lemma expectation_hermite_addition_weighted:
  assumes "indep_var borel Z borel Y" "finite_moments M Y" "finite_moments M Z" "a\<^sup>2 + b\<^sup>2 = 1"
  shows "(\<Sum>j=1..m. real (m choose j) * expectation (\<lambda>\<omega>. hermite (m - j) (Y \<omega>))
        * real j * expectation (\<lambda>\<omega>. hermite j (Z \<omega>)) * a ^ (m - j) * b ^ j)
    = real m * expectation (\<lambda>\<omega>. b * Z \<omega> * hermite (m - 1) (a * Y \<omega> + b * Z \<omega>)
        - b\<^sup>2 * real (m - 1) * hermite (m - 2) (a * Y \<omega> + b * Z \<omega>))"
proof -
  have term_eq: "real (m choose j) * expectation (\<lambda>\<omega>. hermite (m - j) (Y \<omega>))
        * real j * expectation (\<lambda>\<omega>. hermite j (Z \<omega>)) * a ^ (m - j) * b ^ j
      = expectation (\<lambda>\<omega>. real (m choose j) * hermite (m - j) (Y \<omega>)
        * real j * hermite j (Z \<omega>) * a ^ (m - j) * b ^ j)" for j
  proof -
    have "expectation (\<lambda>\<omega>. hermite j (Z \<omega>) * hermite (m - j) (Y \<omega>))
        = expectation (\<lambda>\<omega>. hermite j (Z \<omega>)) * expectation (\<lambda>\<omega>. hermite (m - j) (Y \<omega>))"
      using assms(1-3)
      by (intro indep_var_lebesgue_integral indep_var_compose[unfolded comp_def, OF assms(1)]
          borel_measurable_hermite finite_moments_integrable finite_moments_hermite) auto
    moreover have "(\<lambda>\<omega>. real (m choose j) * hermite (m - j) (Y \<omega>)
          * real j * hermite j (Z \<omega>) * a ^ (m - j) * b ^ j)
        = (\<lambda>\<omega>. (real (m choose j) * real j * a ^ (m - j) * b ^ j)
          * (hermite j (Z \<omega>) * hermite (m - j) (Y \<omega>)))"
      by (simp add: fun_eq_iff mult_ac)
    ultimately show ?thesis by (simp only: integral_mult_right_zero) (simp add: mult_ac)
  qed
  have "(\<Sum>j=1..m. real (m choose j) * expectation (\<lambda>\<omega>. hermite (m - j) (Y \<omega>))
        * real j * expectation (\<lambda>\<omega>. hermite j (Z \<omega>)) * a ^ (m - j) * b ^ j)
      = (\<Sum>j=1..m. expectation (\<lambda>\<omega>. real (m choose j) * hermite (m - j) (Y \<omega>)
        * real j * hermite j (Z \<omega>) * a ^ (m - j) * b ^ j))"
    by (rule sum.cong[OF refl term_eq])
  also have "\<dots> = expectation (\<lambda>\<omega>. \<Sum>j=1..m. real (m choose j) * hermite (m - j) (Y \<omega>)
        * real j * hermite j (Z \<omega>) * a ^ (m - j) * b ^ j)"
    using assms(2,3)
    by (intro Bochner_Integration.integral_sum[symmetric] finite_moments_integrable
        finite_moments_mult finite_moments_const finite_moments_hermite)
  finally show ?thesis
    by (simp only: hermite_addition_weighted[OF assms(4)] integral_mult_right_zero)
qed

lemma expectation_hermite_leave_one_out:
  fixes X :: "'i \<Rightarrow> 'a \<Rightarrow> real"
  assumes indep: "indep_vars (\<lambda>_. borel) X I" and "finite I" "k \<in> I"
    and moments: "\<And>i. i \<in> I \<Longrightarrow> finite_moments M (X i)" and "(\<sigma> k)\<^sup>2 < 1"
  defines "S \<equiv> \<lambda>\<omega>. \<Sum>i\<in>I. \<sigma> i * X i \<omega>"
  shows "(\<Sum>j=1..m. real (m choose j)
        * expectation (\<lambda>\<omega>. hermite (m - j) ((S \<omega> - \<sigma> k * X k \<omega>) / sqrt (1 - (\<sigma> k)\<^sup>2)))
        * real j * expectation (\<lambda>\<omega>. hermite j (X k \<omega>))
        * (1 - (\<sigma> k)\<^sup>2) powr (real (m - j) / 2) * (\<sigma> k) ^ j)
    = real m * expectation (\<lambda>\<omega>. \<sigma> k * X k \<omega> * hermite (m - 1) (S \<omega>)
        - (\<sigma> k)\<^sup>2 * real (m - 1) * hermite (m - 2) (S \<omega>))"
proof -
  define a where "a = sqrt (1 - (\<sigma> k)\<^sup>2)"
  define U where "U = (\<lambda>\<omega>. \<Sum>i\<in>I - {k}. \<sigma> i / a * X i \<omega>)"
  have "0 < a" using \<open>(\<sigma> k)\<^sup>2 < 1\<close> by (simp add: a_def)
  have S_split: "a * U \<omega> + \<sigma> k * X k \<omega> = S \<omega>" for \<omega>
    using \<open>finite I\<close> \<open>k \<in> I\<close> \<open>0 < a\<close>
    by (simp add: S_def U_def sum.remove sum_distrib_left)
  have U_eq: "(S \<omega> - \<sigma> k * X k \<omega>) / sqrt (1 - (\<sigma> k)\<^sup>2) = U \<omega>" for \<omega>
    using \<open>0 < a\<close> by (simp flip: S_split a_def)
  have powr_eq: "(1 - (\<sigma> k)\<^sup>2) powr (real (m - j) / 2) = a ^ (m - j)" for j
    using \<open>0 < a\<close> by (simp add: a_def powr_half_sqrt[symmetric] powr_realpow[symmetric] powr_powr)
  have "indep_var borel (X k) borel U"
    unfolding U_def using indep \<open>k \<in> I\<close> by (rule indep_var_weighted_sum_remove)
  moreover have "finite_moments M U"
    unfolding U_def using moments
    by (intro finite_moments_sum finite_moments_mult finite_moments_const) auto
  moreover have "a\<^sup>2 + (\<sigma> k)\<^sup>2 = 1" using \<open>(\<sigma> k)\<^sup>2 < 1\<close> by (simp add: a_def)
  ultimately show ?thesis
    unfolding U_eq powr_eq unfolding S_split[symmetric]
    using moments \<open>k \<in> I\<close> by (intro expectation_hermite_addition_weighted) auto
qed

end

theorem theorem4:
  fixes M :: "'a measure" and X :: "nat \<Rightarrow> 'a \<Rightarrow> real" and \<sigma> :: "nat \<Rightarrow> real"
    and n m :: nat
  assumes "prob_space M"
    and "n \<ge> 2"
    and "\<And>j. j \<in> {1..n} \<Longrightarrow> X j \<in> borel_measurable M"
    and "prob_space.indep_vars M (\<lambda>_. borel) X {1..n}"
    and "\<And>j. j \<in> {1..n} \<Longrightarrow> integral\<^sup>L M (X j) = 0"
    and "\<And>j. j \<in> {1..n} \<Longrightarrow> integral\<^sup>L M (\<lambda>\<omega>. (X j \<omega>) ^ 2) = 1"
    and "\<And>j p. j \<in> {1..n} \<Longrightarrow> integrable M (\<lambda>\<omega>. (X j \<omega>) ^ p)"
    and "\<And>j. j \<in> {1..n} \<Longrightarrow> \<sigma> j \<ge> 0"
    and "(\<Sum>j=1..n. (\<sigma> j)^2) = 1"
    and "\<And>j. j \<in> {1..n} \<Longrightarrow> (\<sigma> j)^2 < 1"
    and "m \<ge> 1"
  shows "integral\<^sup>L M (\<lambda>\<omega>. hermite m (\<Sum>i=1..n. \<sigma> i * X i \<omega>)) =
    (\<Sum>k=1..n. (1 / real m) * (\<Sum>j=1..m. real (m choose j)
        * integral\<^sup>L M (\<lambda>\<omega>. hermite (m - j)
            (((\<Sum>i=1..n. \<sigma> i * X i \<omega>) - \<sigma> k * X k \<omega>) / sqrt (1 - (\<sigma> k)^2)))
        * real j * integral\<^sup>L M (\<lambda>\<omega>. hermite j (X k \<omega>))
        * (1 - (\<sigma> k)^2) powr (real (m - j) / 2) * (\<sigma> k) ^ j))"
proof -
  interpret prob_space M by fact
  let ?S = "\<lambda>\<omega>. \<Sum>i=1..n. \<sigma> i * X i \<omega>"
  let ?T = "\<lambda>k \<omega>. \<sigma> k * X k \<omega> * hermite (m - 1) (?S \<omega>)
    - (\<sigma> k)\<^sup>2 * real (m - 1) * hermite (m - 2) (?S \<omega>)"
  have moments: "finite_moments M (X i)" if "i \<in> {1..n}" for i
    using assms(7) that by (simp add: finite_moments_def)
  have "(\<Sum>k=1..n. ?T k \<omega>) = ?S \<omega> * hermite (m - 1) (?S \<omega>)
      - (\<Sum>k=1..n. (\<sigma> k)\<^sup>2) * real (m - 1) * hermite (m - 2) (?S \<omega>)"
    for \<omega> by (simp add: sum_subtractf sum_distrib_right)
  then have "expectation (\<lambda>\<omega>. hermite m (?S \<omega>)) = expectation (\<lambda>\<omega>. \<Sum>k=1..n. ?T k \<omega>)"
    using assms(9) by (simp add: hermite_rec[OF assms(11)])
  also have "\<dots> = (\<Sum>k=1..n. expectation (?T k))"
    using moments
    by (intro Bochner_Integration.integral_sum Bochner_Integration.integrable_diff
        finite_moments_integrable finite_moments_mult finite_moments_const finite_moments_hermite
        finite_moments_sum) auto
  also have "\<dots> = (\<Sum>k=1..n. (1 / real m) * (real m * expectation (?T k)))"
    using assms(11) by simp
  finally show ?thesis
    by (rule trans) (use assms(4,10) moments in \<open>intro sum.cong refl
        arg_cong[where f = "(*) (1 / real m)"] expectation_hermite_leave_one_out[symmetric]; auto\<close>)
qed

end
---
What to produce: Precisely the lines between those holding "and n m :: nat" and "using assms(9) by", inclusive, are to be reproduced from the listing above, with nothing added.

Your response:
    and n m :: nat
  assumes "prob_space M"
    and "n \<ge> 2"
    and "\<And>j. j \<in> {1..n} \<Longrightarrow> X j \<in> borel_measurable M"
    and "prob_space.indep_vars M (\<lambda>_. borel) X {1..n}"
    and "\<And>j. j \<in> {1..n} \<Longrightarrow> integral\<^sup>L M (X j) = 0"
    and "\<And>j. j \<in> {1..n} \<Longrightarrow> integral\<^sup>L M (\<lambda>\<omega>. (X j \<omega>) ^ 2) = 1"
    and "\<And>j p. j \<in> {1..n} \<Longrightarrow> integrable M (\<lambda>\<omega>. (X j \<omega>) ^ p)"
    and "\<And>j. j \<in> {1..n} \<Longrightarrow> \<sigma> j \<ge> 0"
    and "(\<Sum>j=1..n. (\<sigma> j)^2) = 1"
    and "\<And>j. j \<in> {1..n} \<Longrightarrow> (\<sigma> j)^2 < 1"
    and "m \<ge> 1"
  shows "integral\<^sup>L M (\<lambda>\<omega>. hermite m (\<Sum>i=1..n. \<sigma> i * X i \<omega>)) =
    (\<Sum>k=1..n. (1 / real m) * (\<Sum>j=1..m. real (m choose j)
        * integral\<^sup>L M (\<lambda>\<omega>. hermite (m - j)
            (((\<Sum>i=1..n. \<sigma> i * X i \<omega>) - \<sigma> k * X k \<omega>) / sqrt (1 - (\<sigma> k)^2)))
        * real j * integral\<^sup>L M (\<lambda>\<omega>. hermite j (X k \<omega>))
        * (1 - (\<sigma> k)^2) powr (real (m - j) / 2) * (\<sigma> k) ^ j))"
proof -
  interpret prob_space M by fact
  let ?S = "\<lambda>\<omega>. \<Sum>i=1..n. \<sigma> i * X i \<omega>"
  let ?T = "\<lambda>k \<omega>. \<sigma> k * X k \<omega> * hermite (m - 1) (?S \<omega>)
    - (\<sigma> k)\<^sup>2 * real (m - 1) * hermite (m - 2) (?S \<omega>)"
  have moments: "finite_moments M (X i)" if "i \<in> {1..n}" for i
    using assms(7) that by (simp add: finite_moments_def)
  have "(\<Sum>k=1..n. ?T k \<omega>) = ?S \<omega> * hermite (m - 1) (?S \<omega>)
      - (\<Sum>k=1..n. (\<sigma> k)\<^sup>2) * real (m - 1) * hermite (m - 2) (?S \<omega>)"
    for \<omega> by (simp add: sum_subtractf sum_distrib_right)
  then have "expectation (\<lambda>\<omega>. hermite m (?S \<omega>)) = expectation (\<lambda>\<omega>. \<Sum>k=1..n. ?T k \<omega>)"
    using assms(9) by (simp add: hermite_rec[OF assms(11)])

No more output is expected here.